**TASK BRIEF**
All that should come back is the lines of the data below from the one containing "d)) has_derivative (\<lambda>h." to the one containing "unfolding \<phi>_def power2_norm_eq_inner", inclusive, exactly as they stand.

[[ STORED DATA, beginning ]]

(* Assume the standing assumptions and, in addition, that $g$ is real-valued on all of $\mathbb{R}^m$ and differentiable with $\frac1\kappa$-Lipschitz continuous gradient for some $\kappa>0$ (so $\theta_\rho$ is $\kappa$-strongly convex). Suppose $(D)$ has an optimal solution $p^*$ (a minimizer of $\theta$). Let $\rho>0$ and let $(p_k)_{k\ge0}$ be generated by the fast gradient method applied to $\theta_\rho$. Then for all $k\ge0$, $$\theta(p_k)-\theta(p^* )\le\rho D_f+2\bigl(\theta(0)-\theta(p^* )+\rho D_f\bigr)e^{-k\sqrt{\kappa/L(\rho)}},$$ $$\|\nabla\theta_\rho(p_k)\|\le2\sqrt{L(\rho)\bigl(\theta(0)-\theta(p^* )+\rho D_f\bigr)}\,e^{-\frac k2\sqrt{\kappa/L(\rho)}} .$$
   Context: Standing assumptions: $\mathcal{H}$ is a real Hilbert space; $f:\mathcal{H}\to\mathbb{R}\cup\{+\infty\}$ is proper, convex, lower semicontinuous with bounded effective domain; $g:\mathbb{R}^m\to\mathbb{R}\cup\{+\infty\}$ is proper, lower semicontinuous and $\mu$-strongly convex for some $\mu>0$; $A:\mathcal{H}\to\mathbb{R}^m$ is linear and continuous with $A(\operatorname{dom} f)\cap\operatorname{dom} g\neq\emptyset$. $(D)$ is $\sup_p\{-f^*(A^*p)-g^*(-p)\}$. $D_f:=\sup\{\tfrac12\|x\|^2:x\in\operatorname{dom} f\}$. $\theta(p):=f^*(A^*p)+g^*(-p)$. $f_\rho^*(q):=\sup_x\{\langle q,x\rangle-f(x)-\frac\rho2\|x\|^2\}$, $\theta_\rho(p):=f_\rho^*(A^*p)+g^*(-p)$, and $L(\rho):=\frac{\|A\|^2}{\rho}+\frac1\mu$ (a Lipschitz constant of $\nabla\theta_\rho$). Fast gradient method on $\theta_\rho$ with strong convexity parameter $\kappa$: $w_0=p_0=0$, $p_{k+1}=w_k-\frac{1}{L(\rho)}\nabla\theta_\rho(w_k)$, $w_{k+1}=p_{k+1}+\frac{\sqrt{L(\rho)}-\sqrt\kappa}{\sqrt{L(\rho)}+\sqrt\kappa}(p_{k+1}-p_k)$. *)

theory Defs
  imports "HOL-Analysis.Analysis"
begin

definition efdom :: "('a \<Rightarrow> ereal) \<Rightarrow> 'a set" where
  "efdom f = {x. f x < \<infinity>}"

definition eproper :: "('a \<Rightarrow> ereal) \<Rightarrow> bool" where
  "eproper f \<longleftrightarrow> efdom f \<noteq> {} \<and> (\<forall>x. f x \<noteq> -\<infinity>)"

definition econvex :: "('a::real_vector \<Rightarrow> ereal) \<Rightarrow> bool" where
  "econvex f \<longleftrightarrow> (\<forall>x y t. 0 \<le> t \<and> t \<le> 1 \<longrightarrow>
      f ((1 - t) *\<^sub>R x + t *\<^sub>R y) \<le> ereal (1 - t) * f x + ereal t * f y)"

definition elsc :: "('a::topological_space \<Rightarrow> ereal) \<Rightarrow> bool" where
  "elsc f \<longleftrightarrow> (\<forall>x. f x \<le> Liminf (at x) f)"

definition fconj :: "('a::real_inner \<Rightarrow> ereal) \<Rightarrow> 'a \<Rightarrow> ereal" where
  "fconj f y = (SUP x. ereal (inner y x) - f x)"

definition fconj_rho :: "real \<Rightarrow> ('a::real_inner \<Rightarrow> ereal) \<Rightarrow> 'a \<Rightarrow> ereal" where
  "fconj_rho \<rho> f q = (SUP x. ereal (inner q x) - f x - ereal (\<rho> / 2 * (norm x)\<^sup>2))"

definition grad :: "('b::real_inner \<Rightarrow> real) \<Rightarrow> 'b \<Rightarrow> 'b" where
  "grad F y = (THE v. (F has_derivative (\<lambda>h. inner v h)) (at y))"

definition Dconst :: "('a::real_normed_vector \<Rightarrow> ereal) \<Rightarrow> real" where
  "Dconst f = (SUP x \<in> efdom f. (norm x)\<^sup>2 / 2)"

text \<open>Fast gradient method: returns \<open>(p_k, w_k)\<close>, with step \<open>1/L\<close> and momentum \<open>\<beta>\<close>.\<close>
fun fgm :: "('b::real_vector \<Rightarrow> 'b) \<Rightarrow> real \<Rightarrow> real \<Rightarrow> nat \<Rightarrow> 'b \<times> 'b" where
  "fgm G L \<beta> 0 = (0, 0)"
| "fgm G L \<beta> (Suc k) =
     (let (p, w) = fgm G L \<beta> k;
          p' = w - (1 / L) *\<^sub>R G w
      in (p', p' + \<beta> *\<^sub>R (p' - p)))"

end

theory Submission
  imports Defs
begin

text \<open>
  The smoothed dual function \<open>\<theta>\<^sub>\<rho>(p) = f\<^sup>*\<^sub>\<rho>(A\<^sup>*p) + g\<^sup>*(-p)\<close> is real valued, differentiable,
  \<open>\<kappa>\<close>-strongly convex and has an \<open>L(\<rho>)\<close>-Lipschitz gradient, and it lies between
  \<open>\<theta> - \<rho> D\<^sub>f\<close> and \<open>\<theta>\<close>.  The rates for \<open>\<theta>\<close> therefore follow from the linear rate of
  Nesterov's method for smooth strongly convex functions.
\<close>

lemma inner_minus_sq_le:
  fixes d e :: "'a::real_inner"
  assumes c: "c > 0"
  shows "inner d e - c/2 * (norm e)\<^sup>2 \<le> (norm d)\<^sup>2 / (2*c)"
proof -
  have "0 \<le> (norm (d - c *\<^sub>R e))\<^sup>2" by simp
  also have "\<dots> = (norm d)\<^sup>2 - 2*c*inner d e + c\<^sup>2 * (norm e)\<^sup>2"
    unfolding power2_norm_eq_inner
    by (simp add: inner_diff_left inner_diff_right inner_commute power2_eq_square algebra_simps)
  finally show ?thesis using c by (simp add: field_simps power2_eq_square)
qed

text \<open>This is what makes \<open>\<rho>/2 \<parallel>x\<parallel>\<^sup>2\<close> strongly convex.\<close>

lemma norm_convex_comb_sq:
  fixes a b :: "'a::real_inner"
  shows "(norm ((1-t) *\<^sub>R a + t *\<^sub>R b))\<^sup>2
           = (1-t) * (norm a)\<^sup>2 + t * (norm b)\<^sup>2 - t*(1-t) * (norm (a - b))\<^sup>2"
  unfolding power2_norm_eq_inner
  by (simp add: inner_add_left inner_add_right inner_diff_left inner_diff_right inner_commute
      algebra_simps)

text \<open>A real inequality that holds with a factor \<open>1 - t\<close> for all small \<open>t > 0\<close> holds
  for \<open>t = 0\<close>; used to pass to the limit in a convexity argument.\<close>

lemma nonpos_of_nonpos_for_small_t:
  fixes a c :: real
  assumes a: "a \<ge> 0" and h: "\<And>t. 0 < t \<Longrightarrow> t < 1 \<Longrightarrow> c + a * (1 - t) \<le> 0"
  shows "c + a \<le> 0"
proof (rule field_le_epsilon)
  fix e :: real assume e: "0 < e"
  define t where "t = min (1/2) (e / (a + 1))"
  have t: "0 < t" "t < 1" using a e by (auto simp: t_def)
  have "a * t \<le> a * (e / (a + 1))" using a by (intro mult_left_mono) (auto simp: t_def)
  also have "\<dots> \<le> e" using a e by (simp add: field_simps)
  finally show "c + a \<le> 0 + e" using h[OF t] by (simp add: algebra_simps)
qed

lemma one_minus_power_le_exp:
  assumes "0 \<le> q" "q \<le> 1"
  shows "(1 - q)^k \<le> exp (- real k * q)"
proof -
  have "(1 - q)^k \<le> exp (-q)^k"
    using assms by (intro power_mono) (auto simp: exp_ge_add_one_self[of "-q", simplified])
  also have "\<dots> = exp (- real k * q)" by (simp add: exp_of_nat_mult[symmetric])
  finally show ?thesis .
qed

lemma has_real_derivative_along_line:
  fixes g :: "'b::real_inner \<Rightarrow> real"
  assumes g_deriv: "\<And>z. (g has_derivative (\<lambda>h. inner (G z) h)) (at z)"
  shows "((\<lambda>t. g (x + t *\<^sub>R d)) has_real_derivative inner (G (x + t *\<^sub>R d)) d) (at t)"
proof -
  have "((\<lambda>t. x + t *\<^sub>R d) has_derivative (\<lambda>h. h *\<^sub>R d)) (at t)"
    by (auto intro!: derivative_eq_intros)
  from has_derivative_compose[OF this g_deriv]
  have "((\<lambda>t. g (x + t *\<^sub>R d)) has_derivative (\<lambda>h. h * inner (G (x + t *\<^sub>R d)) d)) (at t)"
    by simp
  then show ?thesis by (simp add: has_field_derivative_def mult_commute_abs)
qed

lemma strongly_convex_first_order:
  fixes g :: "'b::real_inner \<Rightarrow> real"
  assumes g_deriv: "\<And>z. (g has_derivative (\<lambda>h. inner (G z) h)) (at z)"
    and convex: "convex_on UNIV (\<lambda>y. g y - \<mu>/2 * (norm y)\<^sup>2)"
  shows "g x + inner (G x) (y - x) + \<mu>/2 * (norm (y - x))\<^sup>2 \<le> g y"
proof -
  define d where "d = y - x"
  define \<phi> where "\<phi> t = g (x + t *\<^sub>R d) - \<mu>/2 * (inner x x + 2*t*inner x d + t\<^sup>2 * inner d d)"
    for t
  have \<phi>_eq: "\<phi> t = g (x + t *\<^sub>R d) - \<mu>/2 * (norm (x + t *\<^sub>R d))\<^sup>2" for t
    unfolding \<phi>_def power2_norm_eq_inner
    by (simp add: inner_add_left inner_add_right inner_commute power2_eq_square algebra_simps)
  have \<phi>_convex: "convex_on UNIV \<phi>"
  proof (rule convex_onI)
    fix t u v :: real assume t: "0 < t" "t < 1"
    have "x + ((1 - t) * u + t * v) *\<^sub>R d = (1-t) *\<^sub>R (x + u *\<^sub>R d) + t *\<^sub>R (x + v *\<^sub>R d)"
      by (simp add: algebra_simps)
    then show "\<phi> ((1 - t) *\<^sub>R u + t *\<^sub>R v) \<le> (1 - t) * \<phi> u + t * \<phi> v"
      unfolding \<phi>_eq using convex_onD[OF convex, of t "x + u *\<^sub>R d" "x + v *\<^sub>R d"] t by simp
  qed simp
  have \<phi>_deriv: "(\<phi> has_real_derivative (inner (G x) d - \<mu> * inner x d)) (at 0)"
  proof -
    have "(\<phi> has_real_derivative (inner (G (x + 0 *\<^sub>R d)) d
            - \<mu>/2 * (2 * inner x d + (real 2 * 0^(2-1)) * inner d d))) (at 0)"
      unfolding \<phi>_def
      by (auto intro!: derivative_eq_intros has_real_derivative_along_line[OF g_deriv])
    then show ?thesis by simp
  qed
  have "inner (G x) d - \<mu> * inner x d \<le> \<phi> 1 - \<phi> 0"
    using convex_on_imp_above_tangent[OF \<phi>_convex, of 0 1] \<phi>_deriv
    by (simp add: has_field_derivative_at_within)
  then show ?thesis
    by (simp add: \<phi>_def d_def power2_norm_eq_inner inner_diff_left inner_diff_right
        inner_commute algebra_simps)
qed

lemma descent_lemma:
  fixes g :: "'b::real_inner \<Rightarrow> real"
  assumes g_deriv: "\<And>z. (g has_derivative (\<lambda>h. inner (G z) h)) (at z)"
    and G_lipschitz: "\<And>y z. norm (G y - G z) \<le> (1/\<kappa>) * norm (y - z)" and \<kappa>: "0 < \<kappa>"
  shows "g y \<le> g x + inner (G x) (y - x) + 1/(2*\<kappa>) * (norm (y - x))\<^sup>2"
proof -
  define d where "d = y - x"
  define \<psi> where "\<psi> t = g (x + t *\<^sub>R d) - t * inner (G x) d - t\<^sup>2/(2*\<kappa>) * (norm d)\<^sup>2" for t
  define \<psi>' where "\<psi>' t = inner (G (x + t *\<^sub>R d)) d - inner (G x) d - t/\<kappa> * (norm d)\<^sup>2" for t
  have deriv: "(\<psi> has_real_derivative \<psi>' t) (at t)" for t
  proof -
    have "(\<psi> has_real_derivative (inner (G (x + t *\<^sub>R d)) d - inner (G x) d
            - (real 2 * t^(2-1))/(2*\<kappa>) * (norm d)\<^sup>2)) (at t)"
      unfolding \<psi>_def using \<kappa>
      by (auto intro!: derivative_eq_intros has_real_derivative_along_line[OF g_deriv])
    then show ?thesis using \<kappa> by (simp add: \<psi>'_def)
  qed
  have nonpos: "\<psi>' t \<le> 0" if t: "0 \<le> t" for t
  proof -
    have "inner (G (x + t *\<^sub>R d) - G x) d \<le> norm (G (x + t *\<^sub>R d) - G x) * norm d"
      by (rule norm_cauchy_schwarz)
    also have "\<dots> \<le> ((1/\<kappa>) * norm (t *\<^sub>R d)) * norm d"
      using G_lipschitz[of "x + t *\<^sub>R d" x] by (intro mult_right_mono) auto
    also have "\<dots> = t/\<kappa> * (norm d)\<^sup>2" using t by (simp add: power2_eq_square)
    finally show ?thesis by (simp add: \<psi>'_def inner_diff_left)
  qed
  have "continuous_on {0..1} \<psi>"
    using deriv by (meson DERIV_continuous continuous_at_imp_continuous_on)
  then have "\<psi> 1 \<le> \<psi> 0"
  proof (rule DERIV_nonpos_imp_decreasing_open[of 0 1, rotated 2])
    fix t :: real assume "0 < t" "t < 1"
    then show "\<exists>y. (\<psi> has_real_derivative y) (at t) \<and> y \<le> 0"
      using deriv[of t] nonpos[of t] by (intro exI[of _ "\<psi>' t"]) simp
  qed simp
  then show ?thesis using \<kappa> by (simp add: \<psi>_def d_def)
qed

[[ STORED DATA, end ]]

**RESULT BELOW**
  have "((\<lambda>t. g (x + t *\<^sub>R d)) has_derivative (\<lambda>h. h * inner (G (x + t *\<^sub>R d)) d)) (at t)"
    by simp
  then show ?thesis by (simp add: has_field_derivative_def mult_commute_abs)
qed

lemma strongly_convex_first_order:
  fixes g :: "'b::real_inner \<Rightarrow> real"
  assumes g_deriv: "\<And>z. (g has_derivative (\<lambda>h. inner (G z) h)) (at z)"
    and convex: "convex_on UNIV (\<lambda>y. g y - \<mu>/2 * (norm y)\<^sup>2)"
  shows "g x + inner (G x) (y - x) + \<mu>/2 * (norm (y - x))\<^sup>2 \<le> g y"
proof -
  define d where "d = y - x"
  define \<phi> where "\<phi> t = g (x + t *\<^sub>R d) - \<mu>/2 * (inner x x + 2*t*inner x d + t\<^sup>2 * inner d d)"
    for t
  have \<phi>_eq: "\<phi> t = g (x + t *\<^sub>R d) - \<mu>/2 * (norm (x + t *\<^sub>R d))\<^sup>2" for t
    unfolding \<phi>_def power2_norm_eq_inner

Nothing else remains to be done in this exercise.